We have also began the process of pressure testing the cooling hood.  Back in 2010 when the cosmetic restoration of the hood was done, no thought was given to a functional cooling system.  Times have obviously changed and we need to make sure that nothing leaks.  All of the water connections for the missing radiator elements have been capped and all pipe flanges and other connections closed off.  The system will be filled with water and pressurized to about 25 pounds per square inch.  The radiator pressure caps are set at 15 psi so the 25 psi will give us a bit of extra insurance.  There will be more about this in a future post.

-- Update August 26, 2017 --
Our buddy and 9010 project Minister of Information Bob Zenk came down from Seattle this month.  His aim was to apply some of the frame lettering to the 9010 and he succeeded admirably.  It is a rather tedious process but the "stencils" created by PLA member Chris Hauf were beautiful and I enjoyed applying paint over them.  By the way, the lettering is in the "DIN 1451" font which is the German standard typeface as applied to other German locomotives.  Bob also developed the stencil artwork, and determined correct positioning with his iMac, using detailed photos taken by David Thelen in 1964 and provided to us by David's brother Lou.  The paint is PPG catalyzed urethane Southern Pacific Lettering Gray as custom mixed by our paint supplier, San Leandro Color.  Dennis and I took some time to stand and admire the work.

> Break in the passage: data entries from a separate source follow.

text \<open>Together: if every rule has a lexicographically positive site, then alpha_dir U q is
  infinite, since q is stable and one of alpha_plus, alpha_minus is infinite.\<close>
lemma alpha_dir_infinite_if_lex_positive_rules:
  assumes U: "update_family U" and q: "q \<in> S1" and sig: "\<sigma> = 1 \<or> \<sigma> = -1"
    and lex: "\<forall>X\<in>U. \<exists>y\<in>X. lex_positive q \<sigma> y"
  shows "alpha_dir U q = \<infinity>"
proof -
  have stable: "q \<in> stable_set U" using q lex by (rule stable_if_lex_positive_rules)
  have growth: "\<forall>Z. finite Z \<longrightarrow>
      finite (closure_U U (halfplane q \<union> Z) \<inter> {x \<in> line q. \<sigma> * rcoord x q \<ge> 0})"
    using bounded_growth_if_lex_positive_rules[OF U q sig lex] by blast
  from sig have "alpha_plus U q = \<infinity> \<or> alpha_minus U q = \<infinity>"
  proof
    assume "\<sigma> = 1"
    hence "{enat (card Z) | Z. finite Z \<and>
             infinite (closure_U U (halfplane q \<union> Z) \<inter> line_plus q)} = {}"
      using growth unfolding line_plus_def by auto
    hence "alpha_plus U q = top" unfolding alpha_plus_def by (simp only: Inf_empty)
    thus ?thesis by (simp add: top_enat_def)
  next
    assume "\<sigma> = -1"
    hence "{enat (card Z) | Z. finite Z \<and>
             infinite (closure_U U (halfplane q \<union> Z) \<inter> line_minus q)} = {}"
      using growth unfolding line_minus_def by auto
    hence "alpha_minus U q = top" unfolding alpha_minus_def by (simp only: Inf_empty)
    thus ?thesis by (simp add: top_enat_def)
  qed
  thus ?thesis unfolding alpha_dir_def using stable by auto
qed

section \<open>Tilting a semicircle\<close>

lemma tilted_semicircle:
  assumes q: "q \<in> S1" and sig: "\<sigma> = 1 \<or> \<sigma> = -1" and k: "k > 0"
  defines "v \<equiv> (- \<sigma> * snd q, \<sigma> * fst q)"
  obtains v' where "v' \<in> S1"
    and "\<And>u. u \<in> closed_semicircle v' \<Longrightarrow> u \<in> open_semicircle v \<or> u = q \<or>
           (0 < \<sigma> * (fst u * snd q - snd u * fst q) \<and>
            \<sigma> * (fst u * snd q - snd u * fst q) \<le> k * (fst u * fst q + snd u * snd q))"
proof -
  define m where "m = sqrt (1 + k\<^sup>2)"
  have m: "m > 0" "m\<^sup>2 = 1 + k\<^sup>2" unfolding m_def by (auto simp: add_pos_nonneg)
  define v' where "v' = ((fst v + k * fst q) / m, (snd v + k * snd q) / m)"
  have "(fst v + k * fst q)\<^sup>2 + (snd v + k * snd q)\<^sup>2 = (\<sigma> * \<sigma> + k\<^sup>2) * ((fst q)\<^sup>2 + (snd q)\<^sup>2)"
    unfolding v_def by (simp add: power2_eq_square algebra_simps)
  also have "\<dots> = m\<^sup>2" using S1_norm[OF q] m(2) sig by auto
  finally have "v' \<in> S1"
    unfolding S1_def v'_def using m(1) by (simp add: power_divide add_divide_distrib[symmetric])
  moreover have "u \<in> open_semicircle v \<or> u = q \<or>
           (0 < \<sigma> * (fst u * snd q - snd u * fst q) \<and>
            \<sigma> * (fst u * snd q - snd u * fst q) \<le> k * (fst u * fst q + snd u * snd q))"
    if u: "u \<in> closed_semicircle v'" for u
  proof -
    define A where "A = fst u * fst q + snd u * snd q"
    define \<rho> where "\<rho> = fst u * snd q - snd u * fst q"
    have uS: "u \<in> S1" using u unfolding closed_semicircle_def by auto
    have uv: "fst u * fst v + snd u * snd v = - (\<sigma> * \<rho>)"
      unfolding v_def \<rho>_def by (simp add: algebra_simps)
    have "(fst u * fst v + snd u * snd v + k * A) / m \<ge> 0"
      using u unfolding closed_semicircle_def v'_def A_def by (simp add: algebra_simps add_divide_distrib)
    hence tilt: "\<sigma> * \<rho> \<le> k * A" using uv m(1) by (simp add: zero_le_divide_iff)
    consider "\<sigma> * \<rho> < 0" | "\<sigma> * \<rho> = 0" | "\<sigma> * \<rho> > 0" by linarith
    thus ?thesis
    proof cases
      case 1
      hence "u \<in> open_semicircle v" using uS uv unfolding open_semicircle_def by simp
      thus ?thesis by blast
    next
      case 2
      hence \<rho>0: "\<rho> = 0" using sig by auto
      have "0 \<le> k * A" using 2 tilt by linarith
      hence "A \<ge> 0" using k by (simp add: zero_le_mult_iff)
      hence "u = q" using unit_vector_eq[OF q uS] \<rho>0 unfolding A_def \<rho>_def by blast
      thus ?thesis by blast
    next
      case 3
      thus ?thesis using tilt unfolding A_def \<rho>_def by blast
    qed
  qed
  ultimately show ?thesis using that by blast
qed

lemma lex_nonpositive_site_below:
  assumes q: "q \<in> S1" and sig: "\<sigma> = 1 \<or> \<sigma> = -1" and y: "y \<noteq> (0, 0)"
    and nlex: "\<not> lex_positive q \<sigma> y"
    and slope: "ip y q < 0 \<longrightarrow> k * \<bar>rcoord y q\<bar> < - ip y q"
    and A: "A > 0" and \<rho>: "0 < \<sigma> * \<rho>" "\<sigma> * \<rho> \<le> k * A"
  shows "A * ip y q + \<rho> * rcoord y q < 0"
proof -
  have split: "\<rho> * rcoord y q = (\<sigma> * \<rho>) * (\<sigma> * rcoord y q)" using sig by auto
  show ?thesis
  proof (cases "ip y q = 0")
    case True
    hence "\<sigma> * rcoord y q < 0"
      using nlex site_eq_zero[OF q True] y sig unfolding lex_positive_def by fastforce
    with \<rho>(1) have "(\<sigma> * \<rho>) * (\<sigma> * rcoord y q) < 0" by (rule mult_pos_neg)
    thus ?thesis using True unfolding split by simp
  next
    case False
    hence neg: "ip y q < 0" using nlex unfolding lex_positive_def by auto
    have "\<sigma> * rcoord y q \<le> \<bar>rcoord y q\<bar>" using sig by auto
    hence "(\<sigma> * \<rho>) * (\<sigma> * rcoord y q) \<le> (\<sigma> * \<rho>) * \<bar>rcoord y q\<bar>"
      using \<rho>(1) by (intro mult_left_mono) auto
    also have "\<dots> \<le> (k * A) * \<bar>rcoord y q\<bar>" using \<rho>(2) by (intro mult_right_mono) auto
    also have "\<dots> = A * (k * \<bar>rcoord y q\<bar>)" by simp
    also have "\<dots> < A * (- ip y q)" using slope neg A by (intro mult_strict_left_mono) auto
    finally show ?thesis unfolding split by (simp add: algebra_simps)
  qed
qed

text \<open>Consequently, if some rule X0 has no lexicographically positive site, then every
  direction of the third kind lies below X0 and has alpha = 0.\<close>
lemma alpha_dir_zero_if_tilted:
  assumes q: "q \<in> S1" and sig: "\<sigma> = 1 \<or> \<sigma> = -1" and u: "u \<in> S1" and k: "k > 0"
    and X0: "X0 \<in> U" "(0, 0) \<notin> X0" "\<forall>y\<in>X0. \<not> lex_positive q \<sigma> y"
    and slope: "\<forall>y\<in>X0. ip y q < 0 \<longrightarrow> k * \<bar>rcoord y q\<bar> < - ip y q"
    and tilt: "0 < \<sigma> * (fst u * snd q - snd u * fst q)"
      "\<sigma> * (fst u * snd q - snd u * fst q) \<le> k * (fst u * fst q + snd u * snd q)"
  shows "alpha_dir U u = 0"
proof -
  let ?A = "fst u * fst q + snd u * snd q" and ?\<rho> = "fst u * snd q - snd u * fst q"
  have "0 < k * ?A" using tilt by linarith
  hence A_pos: "0 < ?A" using k by (simp add: zero_less_mult_iff)
  have "\<forall>y\<in>X0. ip y u < 0"
  proof
    fix y assume y: "y \<in> X0"
    have "y \<noteq> (0, 0)" "\<not> lex_positive q \<sigma> y" using y X0(2,3) by auto
    moreover have "ip y q < 0 \<longrightarrow> k * \<bar>rcoord y q\<bar> < - ip y q" using y slope by blast
    ultimately have "?A * ip y q + ?\<rho> * rcoord y q < 0"
      using lex_nonpositive_site_below[OF q sig _ _ _ A_pos tilt] by blast
    thus "ip y u < 0" unfolding ip_in_frame[OF q, of y u] .
  qed
  thus ?thesis by (rule alpha_dir_zero_if_rule_below[OF u X0(1)])
qed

-- Update December 24, 2017 --
It has been nearly 4 months since the last update but work has continued.  Bob does such an excellent job with our Facebook  page  that I tend to ignore the web site.  So, let's consider this a year-end update and I will try for more frequent updates next year.

The big news is that the 9010 moved under her own power.  Gerry was the first to notch out the throttle and feel the transmission put power to the rails.  Of course, we cannot run the Maybach for very long because our cooling is limited to the water in the engine block but having her move was a thrill.  In October Rob came over from the UK and we ran her again until the water temperature told us to shut down the engine.  There is a short video of Rob running the locomotive on Youtube here.  The smile on his face tells the tale.

We purchased a full set (8) of new batteries and are now able to start the engine without the aid of jumper cables.  Our cranking speed went up from around 75 RPM to a bit over 200 RPM which makes all the difference in the world.  The batteries we had in the 9010 were a used set that had been removed from our 80-ton GE because they were worn out.  They served our purpose for a while but the time came to send them to the scrapper.

Cooling system reconstruction is well over 50% completed.  As of today's date, we need only 11 more radiator cores.  The quality of the work we are getting from Centerville Radiator is outstanding.  After installing 1 or 2 cores, we pressurize the system to 25 PSI and have had absolutely no leaks.  While Rob was here from the UK, he put himself to work finish grinding the last of the end caps and Dave was caught painting a couple of the new cores.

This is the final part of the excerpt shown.